Admittedly, science fiction makes little to no attempt to reach out to these anti-fan boys (except perhaps in summer blockbuster movies, like the Terminator franchise) and often, very often, veers wildly into crazy, unbelievable plot lines, canned dialogue, and other things easily found in the original Star Trek series. Of course, science fiction doesn't care about the people it doesn't reach-its carved out a healthy niche of its own and today, in 2011, the products produced that involve sci-fi have the luxury of playing to its own fan base, not giving a damn about the outside world much as the costumed fans at its own sci-fi conventions don't give a damn about being taken seriously.

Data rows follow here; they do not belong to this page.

lemma dval_alexandrov: "dval T f V \<phi> = {w \<in> W. ksat W R f V w \<phi>}"
proof (induction \<phi>)
  case (Box a)
  have "w \<in> dval T f V (Box a) \<longleftrightarrow> w \<in> W \<and> ksat W R f V w (Box a)" for w
  proof -
    have "w \<in> dval T f V (Box a) \<longleftrightarrow> w \<in> W \<and> \<not> (\<exists>y\<in>W - dval T f V a. R w y)"
      by (simp add: dval.simps(4) in_derived_set_of_alexandrov topspace_alexandrov) blast
    also have "\<dots> \<longleftrightarrow> w \<in> W \<and> (\<forall>v\<in>W. R w v \<longrightarrow> ksat W R f V v a)"
      using Box by auto
    finally show ?thesis
      by simp
  qed
  then show ?case
    by blast
qed (auto simp: topspace_alexandrov frame_map_in[OF frame])

lemma dvalid_alexandrov_iff: "dvalid T f \<phi> \<longleftrightarrow> kvalid W R f \<phi>"
  unfolding dvalid_def kvalid_def dval_alexandrov topspace_alexandrov by blast

end

theorem K4H_complete_finite_frames:
  fixes \<phi> :: "'p fm"
  assumes "infinite (UNIV :: 'a set)"
    and valid: "\<forall>(W :: 'a set) R f. finite W \<and> inv_dyn_K4_frame W R f \<longrightarrow> kvalid W R f \<phi>"
  shows "K4H \<phi>"
proof (rule ccontr)
  assume "\<not> K4H \<phi>"
  then obtain W :: "('p fm set \<times> nat) set" and R f
    where W: "finite W" "inv_dyn_K4_frame W R f" "\<not> kvalid W R f \<phi>"
    by (rule finite_countermodel)
  obtain e :: "'p fm set \<times> nat \<Rightarrow> 'a" where "inj_on e W"
    using inj_on_into_infinite[OF countable_finite[OF W(1)] assms(1)] .
  then obtain R' f' where "inv_dyn_K4_frame (e ` W) R' f'" "kvalid (e ` W) R' f' \<phi> \<Longrightarrow> kvalid W R f \<phi>"
    using embed_frame[OF W(2)] by metis
  then show False
    using valid W(1,3) by blast
qed

theorem kvalid_finite_frames_if_dvalid:
  assumes "infinite (UNIV :: 'a set)"
    and valid: "\<forall>(T :: 'a topology) f. inv_DTS T f \<and> T_D_space T \<longrightarrow> dvalid T f \<phi>"
    and "finite W" "inv_dyn_K4_frame (W :: 'a set) R f"
  shows "kvalid W R f \<phi>"
proof -
  let ?U = "W \<times> (UNIV :: nat set)"
  have "countable ?U"
    using assms(3) by (simp add: countable_finite)
  then obtain e :: "'a \<times> nat \<Rightarrow> 'a" where "inj_on e ?U"
    using assms(1) by (rule inj_on_into_infinite)
  then obtain R' f' where R': "inv_dyn_K4_frame (e ` ?U) R' f'" "irreflp R'"
    and reflect: "kvalid (e ` ?U) R' f' \<phi> \<Longrightarrow> kvalid ?U (unravel R) (map_prod f id) \<phi>"
    using embed_frame[OF inv_dyn_K4_frame_unravel[OF assms(4)]] irreflp_unravel by metis
  interpret irreflexive_frame "e ` ?U" R' f'
    using R' by unfold_locales
  have "kvalid (e ` ?U) R' f' \<phi>"
    using valid T_D_space_alexandrov homeomorphic_map_alexandrov dvalid_alexandrov_iff
    unfolding inv_DTS_def by blast
  then show ?thesis
    using kvalid_unravel_reflect[OF assms(4)] reflect by blast
qed
lemma chord_N_box_bound:
  fixes x1 y1 x2 y2 q :: int and H :: real
  assumes q: "q > 0"
    and box: "\<bar>real_of_int x1\<bar> \<le> H" "\<bar>real_of_int x2\<bar> \<le> H"
      "\<bar>real_of_int y1\<bar> \<le> H" "\<bar>real_of_int y2\<bar> \<le> H"
  shows "real_of_int (q * \<bar>x1^2 + y1^2 - x2^2 - y2^2\<bar>) \<le> 2 * of_int q * H^2"
proof -
  have sq: "(real_of_int t)^2 \<le> H^2" if "\<bar>real_of_int t\<bar> \<le> H" for t
    using that by (simp add: power2_le_iff_abs_le order_trans[OF abs_ge_zero that])
  have "real_of_int \<bar>x1^2 + y1^2 - x2^2 - y2^2\<bar>
      = \<bar>(real_of_int x1)^2 + (real_of_int y1)^2 - (real_of_int x2)^2 - (real_of_int y2)^2\<bar>"
    by simp
  also have "\<dots> \<le> 2 * H^2"
    using sq[OF box(1)] sq[OF box(2)] sq[OF box(3)] sq[OF box(4)]
      zero_le_power2[of "real_of_int x1"] zero_le_power2[of "real_of_int x2"]
      zero_le_power2[of "real_of_int y1"] zero_le_power2[of "real_of_int y2"]
    by linarith
  finally have "real_of_int \<bar>x1^2 + y1^2 - x2^2 - y2^2\<bar> \<le> 2 * H^2" .
  hence "of_int q * real_of_int \<bar>x1^2 + y1^2 - x2^2 - y2^2\<bar> \<le> of_int q * (2 * H^2)"
    using q by (intro mult_left_mono) auto
  thus ?thesis by simp
qed
section \<open>When the highest fixed point vanishes\<close>

text \<open>If tau keeps the unit-noise risk of every admissible prior below delta, the state
  evolution has no fixed point above 0: Psi(m) < (m / delta) * delta = m.\<close>

lemma HFP_zero_if_risk_below:
  assumes pf: "prob_families F" and si: "scale_invariant F"
    and sc: "denoiser_scaling Theta eta"
    and meas: "\<forall>N\<ge>1. \<forall>tau\<in>Theta. \<forall>sg>0. \<forall>i<N. (\<lambda>y. eta N tau sg y i) \<in> borel_measurable (RN N)"
    and eps: "eps \<in> {0..1}" and nu: "nu \<in> inF F Theta eta eps" and d: "delta > 0"
    and tau: "tau \<in> Theta"
    and below: "\<forall>nu\<in>inF F Theta eta eps. lim (\<lambda>N. risk eta N tau 1 (nu N)) < ennreal delta"
  shows "HFP eta delta tau nu = 0"
proof -
  have no_witness: "\<not> Psi eta m delta tau nu \<ge> ennreal m" if m: "m > 0" for m
  proof -
    obtain nu' where nu': "nu' \<in> inF F Theta eta eps"
      and Psi: "Psi eta m delta tau nu = ennreal (m / delta) * lim (\<lambda>N. risk eta N tau 1 (nu' N))"
      using Psi_rescaled_prior[OF pf si sc meas eps nu m d tau] by blast
    have "Psi eta m delta tau nu < ennreal (m / delta) * ennreal delta"
      unfolding Psi using below nu' m d by (intro ennreal_mult_strict_left_mono) auto
    also have "\<dots> = ennreal m" using m d by (simp flip: ennreal_mult)
    finally show ?thesis by simp
  qed
  then have no_fixed_points: "{ennreal m | m. m > 0 \<and> Psi eta m delta tau nu \<ge> ennreal m} = {}"
    by blast
  show ?thesis unfolding HFP_def no_fixed_points by simp
qed

text \<open>Conversely, a prior whose unit-noise risk is at least delta makes m = delta a point with
  Psi(m) \<ge> m, because Psi(delta; delta) is exactly the unit-noise risk.\<close>

lemma HFP_ge_if_risk_above:
  assumes d: "delta > 0"
    and above: "lim (\<lambda>N. risk eta N tau 1 (nu N)) \<ge> ennreal delta"
  shows "HFP eta delta tau nu \<ge> ennreal delta"
proof -
  have "Psi eta delta delta tau nu = lim (\<lambda>N. risk eta N tau 1 (nu N))"
    unfolding Psi_def using d by simp
  then have "ennreal delta \<in> {ennreal m | m. m > 0 \<and> Psi eta m delta tau nu \<ge> ennreal m}"
    using d above by auto
  then show ?thesis unfolding HFP_def by (intro Sup_upper) auto
qed

lemma HFPstar_zero_iff:
  assumes pf: "prob_families F" and si: "scale_invariant F"
    and sc: "denoiser_scaling Theta eta"
    and meas: "\<forall>N\<ge>1. \<forall>tau\<in>Theta. \<forall>sg>0. \<forall>i<N. (\<lambda>y. eta N tau sg y i) \<in> borel_measurable (RN N)"
    and eps: "eps \<in> {0..1}" and d: "delta > 0"
  shows "HFPstar F Theta eta eps delta = 0 \<longleftrightarrow>
    (\<exists>tau\<in>Theta. \<forall>nu\<in>inF F Theta eta eps. lim (\<lambda>N. risk eta N tau 1 (nu N)) < ennreal delta)"
    (is "?zero \<longleftrightarrow> (\<exists>tau\<in>Theta. ?good tau)")
proof
  assume "\<exists>tau\<in>Theta. ?good tau"
  then obtain tau where tau: "tau \<in> Theta" and good: "?good tau" by blast
  have "(SUP nu\<in>inF F Theta eta eps. HFP eta delta tau nu) = 0"
    using HFP_zero_if_risk_below[OF pf si sc meas eps _ d tau good]
    by (intro antisym SUP_least) auto
  then have "HFPstar F Theta eta eps delta \<le> 0"
    unfolding HFPstar_def using tau by (metis INF_lower)
  then show ?zero by simp
next
  assume zero: ?zero
  show "\<exists>tau\<in>Theta. ?good tau"
  proof (rule ccontr)
    assume "\<not> (\<exists>tau\<in>Theta. ?good tau)"
    have "ennreal delta \<le> (SUP nu\<in>inF F Theta eta eps. HFP eta delta tau nu)"
      if tau: "tau \<in> Theta" for tau
    proof -
      obtain nu where nu: "nu \<in> inF F Theta eta eps"
        and above: "lim (\<lambda>N. risk eta N tau 1 (nu N)) \<ge> ennreal delta"
        using \<open>\<not> (\<exists>tau\<in>Theta. ?good tau)\<close> tau by (auto simp: not_less)
      have "ennreal delta \<le> HFP eta delta tau nu"
        by (rule HFP_ge_if_risk_above[OF d above])
      also have "\<dots> \<le> (SUP nu\<in>inF F Theta eta eps. HFP eta delta tau nu)"
        using nu by (rule SUP_upper)
      finally show ?thesis .
    qed
    then have "ennreal delta \<le> HFPstar F Theta eta eps delta"
      unfolding HFPstar_def by (simp add: le_INF_iff)
    then show False using zero d by simp
  qed
qed

section \<open>An order-theoretic identity in ennreal\<close>

lemma Inf_strict_bounds_eq_SUP:
  fixes R :: "'b \<Rightarrow> ennreal"
  shows "Inf {ennreal d | d. d > 0 \<and> (\<forall>x\<in>I. R x < ennreal d)} = (SUP x\<in>I. R x)"
    (is "Inf ?B = ?S")
proof (rule antisym)
  show "Inf ?B \<le> ?S"
  proof (rule ennreal_le_epsilon)
    fix e :: real assume fin: "?S < top" and e: "0 < e"
    define d where "d = enn2real ?S + e"
    have S: "?S = ennreal (enn2real ?S)" using fin by simp
    have "R x < ennreal d" if "x \<in> I" for x
    proof -
      have "R x \<le> ?S" using that by (rule SUP_upper)
      also have "\<dots> < ennreal d" using e by (subst S) (simp add: d_def ennreal_lessI)
      finally show ?thesis .
    qed
    moreover have "d > 0" unfolding d_def using e enn2real_nonneg[of ?S] by linarith
    ultimately have "Inf ?B \<le> ennreal d" by (intro Inf_lower) blast
    also have "ennreal d = ?S + ennreal e"
      using e by (subst S) (simp add: d_def ennreal_plus)
    finally show "Inf ?B \<le> ?S + ennreal e" .
  qed
next
  show "?S \<le> Inf ?B"
    by (rule Inf_greatest, rule SUP_least) (auto intro: less_imp_le)
qed

lemma Inf_strict_bounds_eq_INF_SUP:
  fixes R :: "'a \<Rightarrow> 'b \<Rightarrow> ennreal"
  shows "Inf {ennreal d | d. d > 0 \<and> (\<exists>t\<in>T. \<forall>x\<in>I. R t x < ennreal d)}
           = (INF t\<in>T. SUP x\<in>I. R t x)"
proof -
  have "{ennreal d | d. d > 0 \<and> (\<exists>t\<in>T. \<forall>x\<in>I. R t x < ennreal d)}
          = (\<Union>t\<in>T. {ennreal d | d. d > 0 \<and> (\<forall>x\<in>I. R t x < ennreal d)})"
    by blast
  then have "Inf {ennreal d | d. d > 0 \<and> (\<exists>t\<in>T. \<forall>x\<in>I. R t x < ennreal d)}
          = (INF t\<in>T. Inf {ennreal d | d. d > 0 \<and> (\<forall>x\<in>I. R t x < ennreal d)})"
    by (simp only:) (rule antisym; auto intro!: INF_greatest Inf_greatest intro: Inf_lower2)
  then show ?thesis by (simp only: Inf_strict_bounds_eq_SUP)
qed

Yet, occasionally, reality and science fiction collide, and when they do, the fabric of both worlds seems to warp a little. What I have in mind as I write this are, of course, the surreal and horrifying events occurring in Japan right now. If a month ago I had written a novel foretelling a 9.0 earthquake erupting off the coast of northern Japan, an earthquake powerful enough that it actually shifted the earth's crust to affect the earth's rotation, making one earth day a microsecond shorter, that then created a powerful tsunami with ten foot high waves that ripped across the northern Japan mainland, obliterating almost everything in its path, killing thousands, so many thousands that now thousands of broken and drowned bodies are now, days later, washing back onto Japan's shoreline, creating a corpse removal crisis, while a nuclear power plant has suffered major explosions and is still now trying to avert full-meltdowns in four separate nuclear reactors, using of all things seawater to cool the reactors, and over 350,000 Japanese citizens have been evacuated and forced into homelessness, without enough food or water, and all these events still hang in the balance, would you have believed that book I'd written to be anything more than another unlikely sci-fi romp, and not worth a non-sci fi fan's time?
Yet, here we are, with science fiction invading reality once again, with the fanboys shouting "I told you this could happen!" and the non-fanboys uneasy, the bare bones reality they've come to rely on and love shifting, like the ground itself, beneath their feet.